Hz. Ömer: “Hz. Ebu Bekir'in, Muhacirlerin (Mekkeliler)
en faziletlisi olduğunu, Hicret sırasında, Hz. Peygamber'in
yanında bulunduğunu…” tekraren vurgular ve Hz. Ebubekir'e hitap ederek: "Uzat
elini sana biat edelim!" diyerek, tartışmaları bitirdi. Böylece, Hz.
Ömer, Emir Hz. Ebubekir’e biat eden ilk kişi oldu…
Hz. Ömer'den sonra, Hz. Ebubekir'e ilk biat eden kişi, Sa'd
bin Ubade'nin amcazadesi Beşir bin Sa'd oldu.

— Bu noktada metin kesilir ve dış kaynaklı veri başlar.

definition l2inner :: "'x measure \<Rightarrow> ('x \<Rightarrow> real) \<Rightarrow> ('x \<Rightarrow> real) \<Rightarrow> real" where
  "l2inner G f g = (\<integral>x. f x * g x \<partial>G)"

definition l2norm :: "'x measure \<Rightarrow> ('x \<Rightarrow> real) \<Rightarrow> real" where
  "l2norm G f = sqrt (\<integral>x. (f x)\<^sup>2 \<partial>G)"

definition orthonormal_basis_L2 :: "'x measure \<Rightarrow> (nat \<Rightarrow> 'x \<Rightarrow> real) \<Rightarrow> bool" where
  "orthonormal_basis_L2 G \<phi> \<longleftrightarrow>
     (\<forall>j\<ge>1. \<phi> j \<in> L2 G) \<and>
     (\<forall>i\<ge>1. \<forall>j\<ge>1. l2inner G (\<phi> i) (\<phi> j) = (if i = j then 1 else 0)) \<and>
     (\<forall>g \<in> L2 G. (\<lambda>n. l2norm G (\<lambda>x. g x - (\<Sum>j=1..n. l2inner G g (\<phi> j) * \<phi> j x)))
                    \<longlonglongrightarrow> 0)"

definition sobolev_class ::
  "'x measure \<Rightarrow> (nat \<Rightarrow> 'x \<Rightarrow> real) \<Rightarrow> nat \<Rightarrow> real \<Rightarrow> real \<Rightarrow> ('x \<Rightarrow> real) set" where
  "sobolev_class G \<phi> d \<beta> L =
     {g \<in> L2 G. summable (\<lambda>j. real (Suc j) powr (2 * \<beta> / d) * (l2inner G g (\<phi> (Suc j)))\<^sup>2)
               \<and> (\<Sum>j. real (Suc j) powr (2 * \<beta> / d) * (l2inner G g (\<phi> (Suc j)))\<^sup>2) \<le> L\<^sup>2}"

definition RKHS_D :: "(nat \<Rightarrow> 'x \<Rightarrow> real) \<Rightarrow> nat \<Rightarrow> ('x \<Rightarrow> real) set" where
  "RKHS_D \<phi> D = {h. \<exists>c. h = (\<lambda>x. \<Sum>j=1..D. c j * \<phi> j x)}"

definition RKHS_D_norm_sq :: "'x measure \<Rightarrow> (nat \<Rightarrow> 'x \<Rightarrow> real) \<Rightarrow> nat \<Rightarrow> ('x \<Rightarrow> real) \<Rightarrow> real" where
  "RKHS_D_norm_sq G \<phi> D h = real D * (\<Sum>j=1..D. (l2inner G h (\<phi> j))\<^sup>2)"

end

theory Submission
  imports Defs
begin

text \<open>The witness is the truncated Fourier expansion \<open>h = \<Sum>\<^sub>j\<^sub>\<le>\<^sub>D \<langle>f\<^sub>0,\<phi>\<^sub>j\<rangle> \<phi>\<^sub>j\<close>.
  Its RKHS norm is \<open>D \<Sum>\<^sub>j\<^sub>\<le>\<^sub>D \<langle>f\<^sub>0,\<phi>\<^sub>j\<rangle>\<^sup>2 \<le> D \<parallel>f\<^sub>0\<parallel>\<^sup>2\<close> by Bessel's inequality, and by
  Parseval its squared distance to \<open>f\<^sub>0\<close> is the tail \<open>\<Sum>\<^sub>j\<^sub>>\<^sub>D \<langle>f\<^sub>0,\<phi>\<^sub>j\<rangle>\<^sup>2\<close>.  Since the
  weights \<open>j\<^bsup>2\<beta>/d\<^esup>\<close> increase, the Sobolev condition bounds this tail by
  \<open>L\<^sup>2 D\<^bsup>-2\<beta>/d\<^esup>\<close>, which is at most \<open>\<epsilon>\<^sup>2\<close> as soon as \<open>D \<ge> (L/\<epsilon>)\<^bsup>d/\<beta>\<^esup>\<close>.\<close>

definition fourier_partial_sum ::
  "'x measure \<Rightarrow> (nat \<Rightarrow> 'x \<Rightarrow> real) \<Rightarrow> nat \<Rightarrow> ('x \<Rightarrow> real) \<Rightarrow> 'x \<Rightarrow> real" where
  "fourier_partial_sum G \<phi> n f = (\<lambda>x. \<Sum>j=1..n. l2inner G f (\<phi> j) * \<phi> j x)"

lemma L2_mult_integrable:
  assumes "f \<in> L2 G" "g \<in> L2 G"
  shows "integrable G (\<lambda>x. f x * g x)"
proof (rule Bochner_Integration.integrable_bound[where f="\<lambda>x. (f x)\<^sup>2 + (g x)\<^sup>2"])
  show "integrable G (\<lambda>x. (f x)\<^sup>2 + (g x)\<^sup>2)" "(\<lambda>x. f x * g x) \<in> borel_measurable G"
    using assms by (auto simp: L2_def)
  have "\<bar>f x * g x\<bar> \<le> (f x)\<^sup>2 + (g x)\<^sup>2" for x
  proof -
    have "2 * (\<bar>f x\<bar> * \<bar>g x\<bar>) \<le> (f x)\<^sup>2 + (g x)\<^sup>2"
      using sum_squares_bound[of "\<bar>f x\<bar>" "\<bar>g x\<bar>"] by (simp add: mult.assoc)
    moreover have "0 \<le> \<bar>f x\<bar> * \<bar>g x\<bar>"
      by simp
    ultimately show ?thesis
      unfolding abs_mult by linarith
  qed
  then show "AE x in G. norm (f x * g x) \<le> norm ((f x)\<^sup>2 + (g x)\<^sup>2)"
    by simp
qed

lemma l2norm_diff_commute: "l2norm G (\<lambda>x. f x - g x) = l2norm G (\<lambda>x. g x - f x)"
  by (simp add: l2norm_def power2_commute)

lemma l2norm_sq: "(l2norm G f)\<^sup>2 = (\<integral>x. (f x)\<^sup>2 \<partial>G)"
  by (simp add: l2norm_def integral_nonneg_AE)

lemma l2inner_basis_expansion:
  assumes onb: "orthonormal_basis_L2 G \<phi>" and j: "j \<in> {1..n}"
  shows "l2inner G (\<lambda>x. \<Sum>i=1..n. c i * \<phi> i x) (\<phi> j) = c j"
proof -
  have integrable: "integrable G (\<lambda>x. \<phi> i x * \<phi> j x)" if "i \<in> {1..n}" for i
    using onb that j by (intro L2_mult_integrable) (auto simp: orthonormal_basis_L2_def)
  have "l2inner G (\<lambda>x. \<Sum>i=1..n. c i * \<phi> i x) (\<phi> j)
      = (\<Sum>i=1..n. c i * (\<integral>x. \<phi> i x * \<phi> j x \<partial>G))"
    using integrable by (simp add: l2inner_def sum_distrib_right mult.assoc integral_sum)
  also have "\<dots> = (\<Sum>i=1..n. if i = j then c i else 0)"
    using onb j by (intro sum.cong refl) (auto simp: orthonormal_basis_L2_def l2inner_def)
  also have "\<dots> = c j"
    using j by simp
  finally show ?thesis .
qed

lemma fourier_partial_sum_in_RKHS_D: "fourier_partial_sum G \<phi> D f \<in> RKHS_D \<phi> D"
  unfolding RKHS_D_def fourier_partial_sum_def by (intro CollectI exI) (rule refl)

lemma RKHS_D_norm_sq_fourier_partial_sum:
  assumes "orthonormal_basis_L2 G \<phi>"
  shows "RKHS_D_norm_sq G \<phi> D (fourier_partial_sum G \<phi> D f)
           = real D * (\<Sum>j=1..D. (l2inner G f (\<phi> j))\<^sup>2)"
  unfolding RKHS_D_norm_sq_def fourier_partial_sum_def
  using l2inner_basis_expansion[OF assms] by simp

lemma l2norm_fourier_remainder_sq:
  assumes onb: "orthonormal_basis_L2 G \<phi>" and f: "f \<in> L2 G"
  shows "(l2norm G (\<lambda>x. f x - fourier_partial_sum G \<phi> n f x))\<^sup>2
           = (l2norm G f)\<^sup>2 - (\<Sum>j=1..n. (l2inner G f (\<phi> j))\<^sup>2)"
proof -
  define a where "a j = l2inner G f (\<phi> j)" for j
  define A where "A = {1..n}"
  have \<phi>_L2: "\<phi> j \<in> L2 G" if "j \<in> A" for j
    using onb that by (auto simp: orthonormal_basis_L2_def A_def)
  have orth: "(\<integral>x. \<phi> i x * \<phi> j x \<partial>G) = (if i = j then 1 else 0)" if "i \<in> A" "j \<in> A" for i j
    using onb that by (auto simp: orthonormal_basis_L2_def A_def l2inner_def)
  have integrable: "integrable G (\<lambda>x. (f x)\<^sup>2)"
    "\<And>j. j \<in> A \<Longrightarrow> integrable G (\<lambda>x. f x * \<phi> j x)"
    "\<And>i j. i \<in> A \<Longrightarrow> j \<in> A \<Longrightarrow> integrable G (\<lambda>x. \<phi> i x * \<phi> j x)"
    using f \<phi>_L2 by (auto simp: L2_mult_integrable) (simp add: L2_def)
  have expand: "(f x - (\<Sum>j\<in>A. a j * \<phi> j x))\<^sup>2 = (f x)\<^sup>2 - 2 * (\<Sum>j\<in>A. a j * (f x * \<phi> j x))
      + (\<Sum>i\<in>A. \<Sum>j\<in>A. a i * a j * (\<phi> i x * \<phi> j x))" for x
    by (simp add: power2_diff power2_eq_square sum_product sum_distrib_left algebra_simps)
  have "(\<integral>x. (f x - (\<Sum>j\<in>A. a j * \<phi> j x))\<^sup>2 \<partial>G)
      = (\<integral>x. (f x)\<^sup>2 \<partial>G) - 2 * (\<Sum>j\<in>A. a j * (\<integral>x. f x * \<phi> j x \<partial>G))
      + (\<Sum>i\<in>A. \<Sum>j\<in>A. a i * a j * (\<integral>x. \<phi> i x * \<phi> j x \<partial>G))"
    unfolding expand using integrable by (simp add: integral_sum integrable_sum)
  also have "\<dots> = (\<integral>x. (f x)\<^sup>2 \<partial>G) - 2 * (\<Sum>j\<in>A. (a j)\<^sup>2) + (\<Sum>i\<in>A. \<Sum>j\<in>A. if j = i then a i * a j else 0)"
    by (intro arg_cong2[where f="(+)"] sum.cong refl) (simp_all add: orth a_def l2inner_def power2_eq_square)
  also have "\<dots> = (\<integral>x. (f x)\<^sup>2 \<partial>G) - (\<Sum>j\<in>A. (a j)\<^sup>2)"
    by (simp add: A_def power2_eq_square)
  finally show ?thesis
    by (simp add: l2norm_sq fourier_partial_sum_def a_def A_def)
qed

O sıralarda, Ensar'dan (Medineli) Hubab bin
Münzir, Hz. Ebubekir'in Emirliğine itiraz edenlerden oldu… Hubab
bin Münzir’ın hali hazırda Emir seçilmiş Hz. Ali’nin
karşısında Hz. Ebuker’i, Emir olarak seçiyor olmalarına karşı çıkmış
olmanın çabaları, sonuçsuz kaldı.
O an, orada bulunanlardan, Sa'd bin Ubade de bu
duruma içten içe itiraz ettiğinden kendisi ve Hubab bin Münzir hariç,
toplantıdaki Ensar'ın tamamı, Hz. Ebubekir'e biat etti. Biat
etmeyen Sa'd bin Ubade, Hz. Ömer'e hitaben:
"Yerimden kalkacak gücüm olsaydı, Medine'nin
etrafında ve sokaklarda, aslan gibi kükrediğimi görürdün. O zaman sen ve
arkadaşların korkarak, bir yere sığınmak zorunda kalırdınız!.." dedikten sonra
mücadele etmeye devam edeceğini söyleyerek, evine çekildi ve Hz. Ebü Bekir'e
biat etmeyeceğini açıkladı (?)…
Hz. Ömer'in, Sa'd bin Ubade'yi biata zorlama
teşebbüsüne, Sa'd bin Ubade'nin amcazadesi Beşir bin Sa'd karşı
çıkarak: “Çözümünün zamana bırakılması!..” tavsiyesinde bulundu…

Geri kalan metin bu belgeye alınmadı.